About this exercise
Take the lines below from the first through the one that contains "1) (f (butlast" and copy them exactly.

Exercise material

text \<open>Replace the entries a_i, a_(i+1) (1-based, 1 \<le> i) by h a_i a_(i+1).\<close>
definition merge2 :: "('a \<Rightarrow> 'a \<Rightarrow> 'a) \<Rightarrow> nat \<Rightarrow> 'a list \<Rightarrow> 'a list" where
  "merge2 h i as = take (i - 1) as @ [h (as ! (i - 1)) (as ! i)] @ drop (i + 1) as"

text \<open>Hochschild coboundary of f of arity n (argument list of length n+1).\<close>
definition hoch :: "nat \<Rightarrow> ('a::ring list \<Rightarrow> 'a) \<Rightarrow> 'a list \<Rightarrow> 'a" where
  "hoch n f as = hd as * f (tl as)
     + (\<Sum>i=1..n. sgnp i (f (merge2 (*) i as)))
     + sgnp (n + 1) (f (butlast as) * last as)"

definition dN :: "('a::ring \<Rightarrow> 'a) \<Rightarrow> nat \<Rightarrow> ('a list \<Rightarrow> 'a) \<Rightarrow> 'a list \<Rightarrow> 'a" where
  "dN N n f as = N (hd as) * f (tl as)
     - sgnp n (f (butlast as) * N (last as))
     + (\<Sum>i=1..n. sgnp i (f (merge2 (\<lambda>a b. N a * b + a * N b - N (a * b)) i as)))
     - N (hoch n f as)"

definition ocomp :: "nat \<Rightarrow> nat \<Rightarrow> (nat \<Rightarrow> 'a list \<Rightarrow> 'a) \<Rightarrow> nat
     \<Rightarrow> (nat \<Rightarrow> 'a list \<Rightarrow> 'a::ab_group_add) \<Rightarrow> nat \<Rightarrow> 'a list \<Rightarrow> 'a" where
  "ocomp m n f i g r as =
     (let B = take n (drop (i - 1) as);
          G = (\<Sum>j=1..n+1. g j B);
          subst = (\<lambda>x. take (i - 1) as @ [x] @ drop (i - 1 + n) as)
      in if r \<le> i - 1 then f r (subst G)
         else if r \<le> i + n - 1 then f i (subst (g (r - i + 1) B))
         else if r \<le> m + n - 1 then f (r - n + 1) (subst G)
         else f i (subst (g (n + 1) B)) + f (m + 1) (subst G))"

definition obracket :: "nat \<Rightarrow> nat \<Rightarrow> (nat \<Rightarrow> 'a list \<Rightarrow> 'a)
     \<Rightarrow> (nat \<Rightarrow> 'a list \<Rightarrow> 'a::ab_group_add) \<Rightarrow> nat \<Rightarrow> 'a list \<Rightarrow> 'a" where
  "obracket m n f g r as =
     (\<Sum>i=1..m. sgnp ((i - 1) * (n - 1)) (ocomp m n f i g r as))
     - sgnp ((m - 1) * (n - 1)) (\<Sum>i=1..n. sgnp ((i - 1) * (m - 1)) (ocomp n m g i f r as))"

definition odelta :: "(nat \<Rightarrow> 'a list \<Rightarrow> 'a) \<Rightarrow> nat
     \<Rightarrow> (nat \<Rightarrow> 'a list \<Rightarrow> 'a::ab_group_add) \<Rightarrow> nat \<Rightarrow> 'a list \<Rightarrow> 'a" where
  "odelta pi n f r as = sgnp (n - 1) (obracket 2 n pi f r as)"

definition piN :: "('a::ring \<Rightarrow> 'a) \<Rightarrow> nat \<Rightarrow> 'a list \<Rightarrow> 'a" where
  "piN N r as = (let a = as ! 0; b = as ! 1 in
     if r = 1 then a * N b else if r = 2 then N a * b
     else if r = 3 then - N (a * b) else 0)"

definition Theta :: "nat \<Rightarrow> ('a::ring list \<Rightarrow> 'a) \<Rightarrow> nat \<Rightarrow> 'a list \<Rightarrow> 'a" where
  "Theta n f r as =
     (if r = 1 then sgnp (n + 1) (hd as * f (tl as))
      else if 2 \<le> r \<and> r \<le> n then 0
      else if r = n + 1 then f (butlast as) * last as
      else if r = n + 2 then (\<Sum>i=1..n. sgnp (n + i + 1) (f (merge2 (*) i as)))
      else 0)"

end

theory Submission
  imports Defs
begin

text \<open>Both sides are compared symbol by symbol. Since \<open>\<pi>\<^sub>N\<close> is binary, the only
  compositions occurring in \<open>\<delta>\<^sub>\<pi>(\<Theta>\<^sub>n f)\<close> are \<open>\<pi>\<^sub>N \<circ>\<^sub>1 \<Theta>\<^sub>n f\<close>, \<open>\<pi>\<^sub>N \<circ>\<^sub>2 \<Theta>\<^sub>n f\<close> and
  \<open>\<Theta>\<^sub>n f \<circ>\<^sub>i \<pi>\<^sub>N\<close>; moreover \<open>\<Theta>\<^sub>n f\<close> lives on the symbols \<open>[1]\<close>, \<open>[n+1]\<close>, \<open>[n+2]\<close>,
  and its components add up to \<open>\<plusminus>\<delta>\<^sub>H\<^sub>o\<^sub>c\<^sub>h f\<close>. For the symbols up to \<open>[n+2]\<close> the two
  sides then agree after expansion. For \<open>[n+3]\<close> the left side contains a double sum in which
  neighbouring arguments are merged first by the deformed product
  \<open>a \<cdot>\<^sub>N b = N(a)b + aN(b) - N(ab)\<close> and then by the product, the right side the same double
  sum with the two merges in the opposite order. By the simplicial identity the two double sums
  add up to terms merging three neighbouring arguments at once, and these cancel because
  \<open>\<cdot>\<^sub>N\<close> is a Hochschild 2-cocycle for the product and \<open>f\<close> is additive in each argument.
  The terms with \<open>N(\<delta>\<^sub>H\<^sub>o\<^sub>c\<^sub>h f)\<close> are matched using \<open>\<delta>\<^sub>H\<^sub>o\<^sub>c\<^sub>h\<^sup>2 = 0\<close>.\<close>

lemma sgnp_0 [simp]: "sgnp 0 x = x"
  by (simp add: sgnp_def)

lemma sgnp_Suc [simp]: "sgnp (Suc n) x = - sgnp n x"
  by (simp add: sgnp_def)

lemma sgnp_add [simp]: "sgnp (m + n) x = sgnp m (sgnp n x)"
  by (simp add: sgnp_def)

lemma sgnp_minus [simp]: "sgnp n (- x) = - sgnp n x"
  by (simp add: sgnp_def)

lemma sgnp_plus [simp]: "sgnp n (x + y) = sgnp n x + sgnp n y"
  by (simp add: sgnp_def)

lemma sgnp_diff [simp]: "sgnp n (x - y) = sgnp n x - sgnp n y"
  by (simp add: sgnp_def)

lemma sgnp_zero [simp]: "sgnp n 0 = 0"
  by (simp add: sgnp_def)

lemma sgnp_sgnp [simp]: "sgnp n (sgnp n x) = x"
  by (simp add: sgnp_def)

lemma sgnp_mult_left [simp]: "sgnp n (x :: 'a::ring) * y = sgnp n (x * y)"
  by (simp add: sgnp_def)

lemma sgnp_mult_right [simp]: "(x :: 'a::ring) * sgnp n y = sgnp n (x * y)"
  by (simp add: sgnp_def)

lemma sgnp_sum: "sgnp n (sum g A) = (\<Sum>i\<in>A. sgnp n (g i))"
  by (simp add: sgnp_def sum_negf)

lemma sgnp_commute: "sgnp m (sgnp n x) = sgnp n (sgnp m x)"
  by (simp add: sgnp_def)

lemma sgnp_pred: "0 < i \<Longrightarrow> sgnp (i - Suc 0) x = - sgnp i x"
  by (cases i) simp_all

lemma (in additive) sgnp: "f (sgnp n x) = sgnp n (f x)"
  by (simp add: sgnp_def minus)

lemma merge2_append: "i = Suc (length xs) \<Longrightarrow> merge2 h i (xs @ a # b # ys) = xs @ h a b # ys"
  by (simp add: merge2_def nth_append)

lemma drop_conv_nth_Cons_Cons:
  "Suc i < length as \<Longrightarrow> drop i as = as ! i # as ! Suc i # drop (Suc (Suc i)) as"
  by (simp add: Cons_nth_drop_Suc)

lemma list_split_pair:
  assumes "1 \<le> i" "i < length as"
  obtains xs a b ys where "as = xs @ a # b # ys" "i = Suc (length xs)"
proof
  have "drop (i - 1) as = as ! (i - 1) # as ! i # drop (Suc i) as"
    using assms drop_conv_nth_Cons_Cons[of "i - 1" as] by simp
  then show "as = take (i - 1) as @ as ! (i - 1) # as ! i # drop (Suc i) as"
    by (metis append_take_drop_id)
qed (use assms in simp)

lemma list_split_triple:
  assumes "1 \<le> j" "j + 1 < length as"
  obtains xs a b c ys where "as = xs @ a # b # c # ys" "j = Suc (length xs)"
proof
  have "drop (j - 1) as = as ! (j - 1) # as ! j # as ! Suc j # drop (Suc (Suc j)) as"
    using assms drop_conv_nth_Cons_Cons[of "j - 1" as] Cons_nth_drop_Suc[of "Suc j" as] by simp
  then show "as = take (j - 1) as @ as ! (j - 1) # as ! j # as ! Suc j # drop (Suc (Suc j)) as"
    by (metis append_take_drop_id)
qed (use assms in simp)

definition merge3 :: "('a \<Rightarrow> 'a \<Rightarrow> 'a \<Rightarrow> 'a) \<Rightarrow> nat \<Rightarrow> 'a list \<Rightarrow> 'a list" where
  "merge3 t j as = take (j - 1) as @ [t (as ! (j - 1)) (as ! j) (as ! (j + 1))] @ drop (j + 2) as"

lemma merge3_append:
  "j = Suc (length xs) \<Longrightarrow> merge3 t j (xs @ a # b # c # ys) = xs @ t a b c # ys"
  by (simp add: merge3_def nth_append)

lemma merge2_merge2_disjoint:
  assumes "1 \<le> k" "k + 2 \<le> i" "i < length as"
  shows "merge2 h1 k (merge2 h2 i as) = merge2 h2 (i - 1) (merge2 h1 k as)"
proof -
  obtain xs a b ys where as: "as = xs @ a # b # ys" and k: "k = Suc (length xs)"
    by (rule list_split_pair[of k as]) (use assms in auto)
  obtain us c d vs where ys: "ys = us @ c # d # vs" and i: "i - k - 1 = Suc (length us)"
    by (rule list_split_pair[of "i - k - 1" ys]) (use assms as k in auto)
  have i': "i = Suc (length (xs @ a # b # us))" "i - 1 = Suc (length (xs @ h1 a b # us))"
    using i k assms by auto
  have "merge2 h1 k (merge2 h2 i as) = xs @ h1 a b # us @ h2 c d # vs"
    unfolding as ys using merge2_append[OF i'(1)] merge2_append[OF k] by simp
  moreover have "merge2 h2 (i - 1) (merge2 h1 k as) = xs @ h1 a b # us @ h2 c d # vs"
    unfolding as ys using merge2_append[OF i'(2)] merge2_append[OF k] by simp
  ultimately show ?thesis by simp
qed

lemma merge2_merge2_left:
  assumes "1 \<le> k" "k + 1 < length as"
  shows "merge2 h1 k (merge2 h2 k as) = merge3 (\<lambda>x y z. h1 (h2 x y) z) k as"
proof -
  obtain xs a b c ys where "as = xs @ a # b # c # ys" "k = Suc (length xs)"
    using list_split_triple[OF assms] .
  then show ?thesis by (simp add: merge2_append merge3_append)
qed

lemma merge2_merge2_right:
  assumes "1 \<le> k" "k + 1 < length as"
  shows "merge2 h1 k (merge2 h2 (Suc k) as) = merge3 (\<lambda>x y z. h1 x (h2 y z)) k as"
proof -
  obtain xs a b c ys where "as = xs @ a # b # c # ys" "k = Suc (length xs)"
    using list_split_triple[OF assms] .
  then show ?thesis
    using merge2_append[of "Suc k" "xs @ [a]" h2 b c ys] by (simp add: merge2_append merge3_append)
qed

lemma hd_merge2_Suc_0: "2 \<le> length as \<Longrightarrow> hd (merge2 h (Suc 0) as) = h (hd as) (as ! 1)"
  by (cases as) (auto simp: merge2_def hd_conv_nth)

lemma tl_merge2_Suc_0: "2 \<le> length as \<Longrightarrow> tl (merge2 h (Suc 0) as) = drop 2 as"
  by (cases as) (auto simp: merge2_def)

lemma hd_merge2: "2 \<le> i \<Longrightarrow> i < length as \<Longrightarrow> hd (merge2 h i as) = hd as"
  by (cases as) (auto simp: merge2_def)

lemma tl_merge2: "2 \<le> i \<Longrightarrow> i < length as \<Longrightarrow> tl (merge2 h i as) = merge2 h (i - 1) (tl as)"
  by (cases as) (auto simp: merge2_def nth_Cons' take_Cons' drop_Cons' split: if_splits)

lemma butlast_merge2:
  "1 \<le> i \<Longrightarrow> i + 1 < length as \<Longrightarrow> butlast (merge2 h i as) = merge2 h i (butlast as)"
  by (simp add: merge2_def butlast_append nth_butlast drop_butlast take_butlast)

lemma last_merge2: "1 \<le> i \<Longrightarrow> i + 1 < length as \<Longrightarrow> last (merge2 h i as) = last as"
  by (simp add: merge2_def last_append)

lemma butlast_merge2_last_pair:
  "length as = n + 2 \<Longrightarrow> butlast (merge2 h (Suc n) as) = take n as"
  by (simp add: merge2_def butlast_append)

lemma last_merge2_last_pair:
  assumes "length as = n + 2"
  shows "last (merge2 h (Suc n) as) = h (as ! n) (last as)"
proof -
  have "last as = as ! Suc n"
    using assms by (subst last_conv_nth) auto
  then show ?thesis
    using assms by (simp add: merge2_def)
qed

lemma sum_split_first_shift: "(\<Sum>i=1..n+1. g i) = g 1 + (\<Sum>k=1..n. g (Suc k))"
proof -
  have "(\<Sum>i=1..n+1. g i) = g 1 + (\<Sum>i=Suc 1..Suc n. g i)"
    by (subst sum.atLeast_Suc_atMost) auto
  then show ?thesis
    by (simp only: sum.shift_bounds_cl_Suc_ivl)
qed

lemma sum_merge2_hd_tl:
  assumes "length as = n + 2"
  shows "(\<Sum>i=1..n+1. sgnp i (\<phi> (hd (merge2 h i as)) (tl (merge2 h i as))))
       = - \<phi> (h (hd as) (as ! 1)) (drop 2 as) - (\<Sum>k=1..n. sgnp k (\<phi> (hd as) (merge2 h k (tl as))))"
proof -
  have "sgnp (Suc k) (\<phi> (hd (merge2 h (Suc k) as)) (tl (merge2 h (Suc k) as)))
      = - sgnp k (\<phi> (hd as) (merge2 h k (tl as)))" if "k \<in> {1..n}" for k
    using that assms by (simp add: hd_merge2 tl_merge2)
  then show ?thesis
    unfolding sum_split_first_shift using assms
    by (simp add: hd_merge2_Suc_0 tl_merge2_Suc_0 sum_negf)
qed

lemma sum_merge2_butlast_last:
  assumes "length as = n + 2"
  shows "(\<Sum>i=1..n+1. sgnp i (\<psi> (butlast (merge2 h i as)) (last (merge2 h i as))))
       = (\<Sum>k=1..n. sgnp k (\<psi> (merge2 h k (butlast as)) (last as)))
         + sgnp (n + 1) (\<psi> (take n as) (h (as ! n) (last as)))"
proof -
  have "(\<Sum>i=1..n. sgnp i (\<psi> (butlast (merge2 h i as)) (last (merge2 h i as))))
      = (\<Sum>k=1..n. sgnp k (\<psi> (merge2 h k (butlast as)) (last as)))"
    using assms by (intro sum.cong) (simp_all add: butlast_merge2 last_merge2)
  then show ?thesis
    using assms by (simp add: butlast_merge2_last_pair last_merge2_last_pair)
qed

section \<open>The simplicial identity for iterated merges\<close>

definition double_merge_sum ::
  "('a list \<Rightarrow> 'b::ab_group_add) \<Rightarrow> ('a \<Rightarrow> 'a \<Rightarrow> 'a) \<Rightarrow> ('a \<Rightarrow> 'a \<Rightarrow> 'a) \<Rightarrow> nat \<Rightarrow> 'a list \<Rightarrow> 'b"
where
  "double_merge_sum g h1 h2 L as =
     (\<Sum>i=1..L+1. \<Sum>k=1..L. sgnp (i + k) (g (merge2 h1 k (merge2 h2 i as))))"

lemma sum_merge2_merge2_lower_upper:
  assumes "length as = L + 2"
  shows "(\<Sum>(i, k)\<in>{(i, k). 1 \<le> k \<and> k + 2 \<le> i \<and> i \<le> L + 1}.
            sgnp (i + k) (g (merge2 h1 k (merge2 h2 i as))))
       = - (\<Sum>(i, k)\<in>{(i, k). 1 \<le> i \<and> i + 1 \<le> k \<and> k \<le> L}.
            sgnp (i + k) (g (merge2 h2 k (merge2 h1 i as))))"
proof -
  \<comment> \<open>Merges at non-overlapping positions commute, the later position moving down by one; this
    shift is what flips the sign.\<close>
  have "sgnp (i + k) (g (merge2 h1 k (merge2 h2 i as)))
      = - sgnp (k + (i - 1)) (g (merge2 h2 (i - 1) (merge2 h1 k as)))"
    if "1 \<le> k" "k + 2 \<le> i" "i \<le> L + 1" for i k
  proof -
    have "merge2 h1 k (merge2 h2 i as) = merge2 h2 (i - 1) (merge2 h1 k as)"
      using that assms by (intro merge2_merge2_disjoint) auto
    moreover have "i + k = Suc (k + (i - 1))"
      using that by simp
    ultimately show ?thesis
      by (simp only: sgnp_Suc)
  qed
  then show ?thesis
    unfolding sum_negf[symmetric]
    by (intro sum.reindex_bij_witness[where j = "\<lambda>(i, k). (k, i - 1)"
          and i = "\<lambda>(i, k). (k + 1, i)"])
      (auto simp del: sgnp_add)
qed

Final answer
text \<open>Replace the entries a_i, a_(i+1) (1-based, 1 \<le> i) by h a_i a_(i+1).\<close>
definition merge2 :: "('a \<Rightarrow> 'a \<Rightarrow> 'a) \<Rightarrow> nat \<Rightarrow> 'a list \<Rightarrow> 'a list" where
  "merge2 h i as = take (i - 1) as @ [h (as ! (i - 1)) (as ! i)] @ drop (i + 1) as"

text \<open>Hochschild coboundary of f of arity n (argument list of length n+1).\<close>
definition hoch :: "nat \<Rightarrow> ('a::ring list \<Rightarrow> 'a) \<Rightarrow> 'a list \<Rightarrow> 'a" where
  "hoch n f as = hd as * f (tl as)
     + (\<Sum>i=1..n. sgnp i (f (merge2 (*) i as)))
     + sgnp (n + 1) (f (butlast as) * last as)"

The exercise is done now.